When You Are Coming Home

Now let’s talk about the exciting day when the baby comes home and it’s time to introduce the two. While every dog is different, here are general things to keep in mind.

While you are staying at the hospital, If someone such as your husband or a family member goes back to your house, have them take a baby blanket or bodysuit that has the baby’s scent on it for them to smell. However, just bringing a baby blanket home beforehand to get your dog used to the scent won’t be enough. 

When you come home from the hospital, know your dog will be excited to see you and want to jump or lick. Have one parent wait outside with the baby and allow the other to come inside to greet your dog alone. This will allow the dog to get all of their excitement and enthusiastic greeting out while also getting ALL of the new smells. Once your dog starts to settle down, switch spots. Have the other parent go greet your pup while the other waits outside with the baby. Once the dog calms down again the parent outside may come in with the baby. 

Sit down with your baby and let your dog sniff them to get acquainted. Start by allowing your dog to sniff just the baby’s feet and build from there.  If your dog is too excited, put them on a leash to have more control over them. Have one person hold the baby at a little bit of a distance while the other gives the dogs treats for being calm. As you continue to work, move close to the dog with the baby until they can calmly get acquainted.

If you have multiple dogs, start with one dog at a time and then bring them together.
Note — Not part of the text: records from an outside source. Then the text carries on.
(* Let $n,d\ge 1$, $r\in[0,1]$, $\omega\ge 0$, $\alpha\in(0,1]$, $K_\omega,K_\alpha>0$, and $0<\mu\le L\le L_{\max}\le nL$, with $L_{\max}$ known. Put $\mu^r_{\omega,\alpha}=\frac{rd}{(1-r)K_\omega+rK_\alpha}$ and $K^r=(1-r)K_\omega+rK_\alpha$. For $p,\tau\in(0,1]$ let $$T(p,\tau)=\max\Big\{\sqrt{\tfrac{L}{\alpha p\mu}},\sqrt{\tfrac{L}{\alpha\tau\mu}},\sqrt{\tfrac{\sqrt{LL_{\max}}(\omega+1)\sqrt{\omega\tau}}{\alpha\sqrt n\,\mu}},\sqrt{\tfrac{\sqrt{LL_{\max}}\sqrt{\omega+1}\sqrt{\omega\tau}}{\alpha\sqrt p\sqrt n\,\mu}},\sqrt{\tfrac{L_{\max}\omega(\omega+1)^2p}{n\mu}},\sqrt{\tfrac{L_{\max}\omega}{np\mu}},\tfrac1\alpha,\tfrac1\tau,\omega+1,\tfrac1p\Big\}$$ and $M(p,\tau)=\big((1-r)K_\omega+r(K_\alpha+pd)\big)\,T(p,\tau)+d$. Choose $$p^\circ=\min\Big\{1,\frac{1}{\mu^r_{\omega,\alpha}},\Big(\frac{Ln}{L_{\max}}\Big)^{1/3}\frac{1}{\omega+1},\max\Big\{\frac1{\omega+1},\Big(\frac{Ln}{L_{\max}}\Big)^{1/2}\frac{1}{\sqrt\alpha(\omega+1)^{3/2}}\Big\}\Big\}\ (1/0=+\infty),$$ $$\tau^\circ=\min\Big\{1,\Big(\frac{Ln}{L_{\max}}\Big)^{1/3}\min\Big\{\frac{1}{\omega+1},\frac{(p^\circ)^{1/3}}{(\omega+1)^{2/3}}\Big\}\Big\}.$$ Then, up to universal multiplicative constants (and logarithmic factors): (i) $(p^\circ,\tau^\circ)$ minimizes $M(p,\tau)$ over $p,\tau\in(0,1]$; (ii) $T(p^\circ,\tau^\circ)$ is of the order of $$T^{\mathrm{optimistic}}=\max\Big\{\sqrt{\tfrac{L\max\{1,\mu^r_{\omega,\alpha}\}}{\alpha\mu}},\sqrt{\tfrac{L^{2/3}L_{\max}^{1/3}(\omega+1)}{\alpha n^{1/3}\mu}},\sqrt{\tfrac{L^{1/2}L_{\max}^{1/2}(\omega+1)^{3/2}}{\sqrt{\alpha n}\,\mu}},\sqrt{\tfrac{L_{\max}\omega\max\{\omega+1,\mu^r_{\omega,\alpha}\}}{n\mu}},\tfrac1\alpha,\omega+1,\mu^r_{\omega,\alpha}\Big\};$$ (iii) $M(p^\circ,\tau^\circ)$ is of the order of $K^r\,T^{\mathrm{optimistic}}+d$.
   Context: This concerns the method 2Direction for minimizing $f=\frac1n\sum_{i=1}^n f_i$ over $\mathbb R^d$ with $n$ workers, where each $f_i$ is $L_i$-smooth and convex, $L_{\max}=\max_i L_i$, $f$ is $L$-smooth and $\mu$-strongly convex. Workers use unbiased compressors with variance parameter $\omega$ ($\mathbb E[\mathcal C(x)]=x$, $\mathbb E\|\mathcal C(x)-x\|^2\le\omega\|x\|^2$) and expected density $K_\omega$ (expected density of $\mathcal C$: $\sup_x\mathbb E\|\mathcal C(x)\|_0$); the server uses a biased compressor with contraction parameter $\alpha$ ($\mathbb E\|\mathcal C(x)-x\|^2\le(1-\alpha)\|x\|^2$) and expected density $K_\alpha$. The method has hyper-parameters $p$ (a probability) and $\tau$ (a momentum). Up to logarithmic factors, $T(p,\tau)$ is the number of iterations in the strongly convex case and $M(p,\tau)$ the total communication complexity $(1-r)\cdot(\text{worker-to-server cost})+r\cdot(\text{server-to-worker cost})$, $r\in[0,1]$ weighting the two directions. Here the ratio $L_{\max}/L$ is assumed known and may be used to choose $p,\tau$. "Of the order of" means equal up to universal positive multiplicative constants. *)

theory Defs
  imports Complex_Main
begin
lemma (in prob_space) measure_less_if_neq:
  assumes N: "prob_space N" and sets: "sets N = sets M" and neq: "N \<noteq> M"
  obtains A where "A \<in> sets M" "prob A < measure N A"
proof -
  interpret N: prob_space N by fact
  have "\<exists>B\<in>sets M. emeasure M B \<noteq> emeasure N B"
    using measure_eqI[OF sets] neq unfolding sets by fastforce
  then obtain B where B: "B \<in> sets M" "emeasure M B \<noteq> emeasure N B" ..
  then have neq_prob: "prob B \<noteq> N.prob B"
    by (simp add: emeasure_eq_measure N.emeasure_eq_measure)
  show ?thesis
  proof (cases "prob B < N.prob B")
    case True
    then show ?thesis using that B(1) by blast
  next
    case False
    have "prob (space M - B) = 1 - prob B" "N.prob (space M - B) = 1 - N.prob B"
      using B N.prob_compl[of B] sets sets_eq_imp_space_eq[OF sets] by (auto simp: prob_compl)
    then have "prob (space M - B) < N.prob (space M - B)"
      using False neq_prob by linarith
    then show ?thesis using that B(1) by blast
  qed
qed

lemma measurable_noisy_label:
  assumes "sets D = sets (LX \<Otimes>\<^sub>M LY)" "case_prod g \<in> measurable (LY \<Otimes>\<^sub>M borel) LY"
  shows "(\<lambda>(xy, u). g (snd xy) u) \<in> measurable (D \<Otimes>\<^sub>M unif01) LY"
proof -
  have "sets unif01 = sets borel" unfolding unif01_def by simp
  then have "measurable (D \<Otimes>\<^sub>M unif01) LY = measurable ((LX \<Otimes>\<^sub>M LY) \<Otimes>\<^sub>M borel) LY"
    using assms(1) by (intro measurable_cong_sets sets_pair_measure_cong) auto
  moreover have "(\<lambda>(xy, u). g (snd xy) u) = case_prod g \<circ> (\<lambda>(xy, u). (snd xy, u))"
    by (auto simp: fun_eq_iff)
  ultimately show ?thesis
    using assms(2) by (simp add: measurable_comp)
qed

theorem mainTheorem6:
  fixes LX :: "'x measure" and LY :: "'y measure"
    and D :: "('x \<times> 'y) measure"
    and g :: "'y \<Rightarrow> real \<Rightarrow> 'y"
    and n :: nat and \<alpha> :: real
  assumes "prob_space D"
    and "sets D = sets (LX \<Otimes>\<^sub>M LY)"
    and "case_prod g \<in> measurable (LY \<Otimes>\<^sub>M borel) LY"
    and "0 < \<alpha>" and "\<alpha> < 1"
    and "conf_rank n \<alpha> \<le> n"
    and "distr (D \<Otimes>\<^sub>M unif01) LY (\<lambda>(xy, u). g (snd xy) u) \<noteq> distr D LY snd"
  shows "\<exists>s :: 'x \<Rightarrow> 'y \<Rightarrow> real. case_prod s \<in> borel_measurable (LX \<Otimes>\<^sub>M LY) \<and>
           cov_noisy D g n \<alpha> s < cov_clean D n \<alpha> s"
proof -
  interpret D: prob_space D by fact
  interpret DU: prob_space "D \<Otimes>\<^sub>M unif01"
    by (intro prob_space_pair assms(1) prob_space_unif01)
  have Y: "snd \<in> measurable D LY"
    using assms(2) by (simp add: measurable_cong_sets[OF assms(2) refl])
  note noisy = measurable_noisy_label[OF assms(2,3)]
  obtain A where A: "A \<in> sets LY" and less:
    "measure (distr D LY snd) A < measure (distr (D \<Otimes>\<^sub>M unif01) LY (\<lambda>(xy, u). g (snd xy) u)) A"
    using prob_space.measure_less_if_neq[OF D.prob_space_distr[OF Y] DU.prob_space_distr[OF noisy]]
      assms(7) by auto
  define p where "p = measure D {z\<in>space D. snd z \<in> A}"
  define q where "q = measure (D \<Otimes>\<^sub>M unif01) {x\<in>space (D \<Otimes>\<^sub>M unif01). g (snd (fst x)) (snd x) \<in> A}"
  have "p < q"
    using less A Y noisy
    by (simp add: p_def q_def measure_distr vimage_def Int_def conj_commute case_prod_beta)
  moreover have "0 \<le> p" "q \<le> 1"
    by (simp_all add: p_def q_def)
  ultimately have "binomial_tail n p (conf_rank n \<alpha>) < binomial_tail n q (conf_rank n \<alpha>)"
    using conf_rank_pos[OF assms(5)] assms(6) by (intro binomial_tail_strict_mono) auto
  moreover have "p < 1" using \<open>p < q\<close> \<open>q \<le> 1\<close> by simp
  ultimately have "cov_noisy D g n \<alpha> (\<lambda>x y. if y \<in> A then 0 else 1)
      < cov_clean D n \<alpha> (\<lambda>x y. if y \<in> A then 0 else 1)"
    unfolding p_def q_def
    using conf_rank_pos[OF assms(5)] assms(6)
    by (simp add: cov_clean_indicator_score[OF assms(1) Y A] cov_noisy_indicator_score[OF assms(1) Y noisy A])
  moreover have "(\<lambda>(x, y). if y \<in> A then 0 else 1 :: real) \<in> borel_measurable (LX \<Otimes>\<^sub>M LY)"
    using A by measurable
  ultimately show ?thesis
    by (intro exI[of _ "\<lambda>x y. if y \<in> A then 0 else 1"]) (simp add: case_prod_beta)
qed

end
Once they are good, put your dog in “place” while you get settled in.


Don’t Forget About the Pup(s)

During all the excitement of the newborn, don’t forget to exercise your dog — mentally and physically. If you have a day that does not allow you to get them out for that walk, allow them time to play with a mental game such as a wobble kong or snuffle mat. 

If your dog is not getting enough exercise or given a job to do, they will find their own task. Unfortunately, this will likely be in undesirable behaviors such as raiding the garbage or digging in the backyard.


Once Your Baby Grows Up

Just as you teach your dog to respect your baby, you want to teach your baby to respect your dog. Once your child begins to explore more, it is important to supervise all interactions between them and the dog. It will become crucial to teach your child not to bother the dog while eating or chewing a bone, no pulling tails, no following them into the crate, no riding them like a pony, etc. 

Honestly, these lessons on mutual respect cannot begin soon enough. I often see children who have provoked an otherwise peaceful dog, simply because they were unsupervised or had not been given proper instruction. If you can not supervise your baby and dog utilize gates to help give each of them space. Any dog (and any breed) can be pushed to a limit where they may feel threatened or overwhelmed and any dog is capable of biting. We need to make sure to teach both parties how to coexist with the other respectably. All of the responsibility can not be on the dog or the child.


Bottom Line

Any major life change requires an adjustment period — and this is no different. Allow time for your dog to learn the new normal, always provide the space they may need to decompress when needed and remember to utilize your training to make your new life less hectic.

Remember, each dog is unique, and the adjustment period may vary. Seeking guidance from a professional dog trainer or behaviorist experienced in working with families and dogs during this transition can be extremely beneficial.